EXERCISE REQUIREMENTS:
Once you find the line with "using Suc.IH lipschitz_on_nonneg[OF" in the entries below, return exactly every line from it through the line with "by (rule lipschitz_on_nonneg)".

━━━━━ MATERIAL PROVIDED ━━━━━

text \<open>Both activations are 1-Lipschitz for the Frobenius norm: the sigmoid has slope at most 1/4,
  and along a segment the softmax s of a row moves with velocity s * (h - (s \<bullet> h)), which is never
  longer than h because s is a probability vector. Since the Frobenius norm is submultiplicative, the
  backbone is Lipschitz with constant |norm_adj A|_F |W_z|_F. Each squared entry of norm_adj A is at most
  (A + I)_ij / d_i, and these bounds have row sums 1, so |norm_adj A|_F^2 \<le> n and the hypothesis on
  W_z makes the backbone a contraction. Banach's fixed point theorem concludes.\<close>

lemma dist_funpow_fixpoint_le:
  assumes "c-lipschitz_on UNIV f" and "f z = z"
  shows "dist ((f ^^ k) x) z \<le> c ^ k * dist x z"
proof (induction k)
  case 0
  show ?case by simp
next
  case (Suc k)
  have "dist ((f ^^ Suc k) x) z = dist (f ((f ^^ k) x)) (f z)"
    using assms(2) by simp
  also have "\<dots> \<le> c * dist ((f ^^ k) x) z"
    using assms(1) by (rule lipschitz_onD) simp_all
  also have "\<dots> \<le> c * (c ^ k * dist x z)"
    using Suc.IH lipschitz_on_nonneg[OF assms(1)] by (rule mult_left_mono)
  finally show ?case by (simp add: mult_ac)
qed

lemma contraction_imp_well_posed:
  fixes f :: "'a::complete_space \<Rightarrow> 'a"
  assumes lip: "c-lipschitz_on UNIV f" and "c < 1"
  shows "well_posed f"
proof -
  have "0 \<le> c" using lip by (rule lipschitz_on_nonneg)
  have "\<exists>!z. f z = z"
    using \<open>0 \<le> c\<close> \<open>c < 1\<close> by (rule banach_fix_type) (use lip in \<open>simp add: lipschitz_onD\<close>)
  then have unique: "\<exists>!z. z = f z" by metis
  define z where "z = (THE z. z = f z)"
  have "f z = z" unfolding z_def using theI'[OF unique] by simp
  have "(\<lambda>k. (f ^^ k) x) \<longlonglongrightarrow> z" for x
  proof (rule tendsto_dist_iff[THEN iffD2], rule Lim_null_comparison)
    show "\<forall>\<^sub>F k in sequentially. norm (dist ((f ^^ k) x) z) \<le> c ^ k * dist x z"
      using dist_funpow_fixpoint_le[OF lip \<open>f z = z\<close>] by simp
    show "(\<lambda>k. c ^ k * dist x z) \<longlonglongrightarrow> 0"
      using \<open>0 \<le> c\<close> \<open>c < 1\<close> by (intro tendsto_mult_left_zero LIMSEQ_power_zero) simp
  qed
  with unique show ?thesis
    unfolding well_posed_def z_def by blast
qed

lemma norm_vec_sq: "(norm (v::real^'m))\<^sup>2 = (\<Sum>j\<in>UNIV. (v$j)\<^sup>2)"
  unfolding power2_norm_eq_inner by (simp add: inner_vec_def power2_eq_square)

lemma norm_matrix_sq: "(norm (M::real^'m^'n))\<^sup>2 = (\<Sum>i\<in>UNIV. \<Sum>j\<in>UNIV. (M$i$j)\<^sup>2)"
  unfolding power2_norm_eq_inner by (simp add: inner_vec_def power2_eq_square)
lemma total_rec_diff1:
  assumes "total_rec n F"
  shows "total_rec n (\<lambda>xs. F xs - 1)"
proof -
  have "total_rec (Suc 0) (\<lambda>ys. arg 0 ys - 1)"
    by (rule total_rec_prim_rec[where G = "\<lambda>xs. 0" and H = "arg 1"])
      (auto intro!: total_rec_proj total_rec_const)
  then show ?thesis using assms by (rule total_rec_compose1)
qed

lemma total_rec_diff:
  assumes "total_rec n F" and "total_rec n G"
  shows "total_rec n (\<lambda>xs. F xs - G xs)"
proof -
  have pred: "total_rec (Suc (Suc (Suc 0))) (\<lambda>zs. arg 0 zs - 1)"
    by (intro total_rec_diff1 total_rec_proj) simp
  have "total_rec (Suc (Suc 0)) (\<lambda>ys. arg 1 ys - arg 0 ys)"
    by (rule total_rec_prim_rec[where G = "arg 0" and H = "\<lambda>zs. arg 0 zs - 1"])
      (use pred in \<open>auto intro!: total_rec_proj\<close>)
  then have "total_rec (Suc (Suc 0)) (\<lambda>ys. arg 0 ys - arg 1 ys)"
    by (rule total_rec_compose2[where F = "\<lambda>a b. b - a"]) (auto intro!: total_rec_proj)
  then show ?thesis using assms by (rule total_rec_compose2)
qed

lemma total_rec_power2:
  assumes "total_rec n F"
  shows "total_rec n (\<lambda>xs. 2 ^ F xs)"
proof -
  have "total_rec (Suc 0) (\<lambda>ys. 2 ^ arg 0 ys)"
    by (rule total_rec_prim_rec[where G = "\<lambda>xs. 1" and H = "\<lambda>zs. arg 0 zs + arg 0 zs"])
      (auto intro!: total_rec_proj total_rec_add total_rec_const)
  then show ?thesis using assms by (rule total_rec_compose1)
qed

lemma total_rec_pred_eq:
  "total_rec n F \<Longrightarrow> total_rec n G \<Longrightarrow> total_rec_pred n (\<lambda>xs. F xs = G xs)"
  unfolding total_rec_pred_def
  by (rule total_rec_cong[where F = "\<lambda>xs. 1 - ((F xs - G xs) + (G xs - F xs))"])
    (auto intro!: total_rec_diff total_rec_add total_rec_const)

lemma total_rec_pred_less:
  "total_rec n F \<Longrightarrow> total_rec n G \<Longrightarrow> total_rec_pred n (\<lambda>xs. F xs < G xs)"
  unfolding total_rec_pred_def
  by (rule total_rec_cong[where F = "\<lambda>xs. 1 - (1 - (G xs - F xs))"])
    (auto intro!: total_rec_diff total_rec_const)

━━━━━

ANSWER:
    using Suc.IH lipschitz_on_nonneg[OF assms(1)] by (rule mult_left_mono)
  finally show ?case by (simp add: mult_ac)
qed

lemma contraction_imp_well_posed:
  fixes f :: "'a::complete_space \<Rightarrow> 'a"
  assumes lip: "c-lipschitz_on UNIV f" and "c < 1"
  shows "well_posed f"
proof -
  have "0 \<le> c" using lip by (rule lipschitz_on_nonneg)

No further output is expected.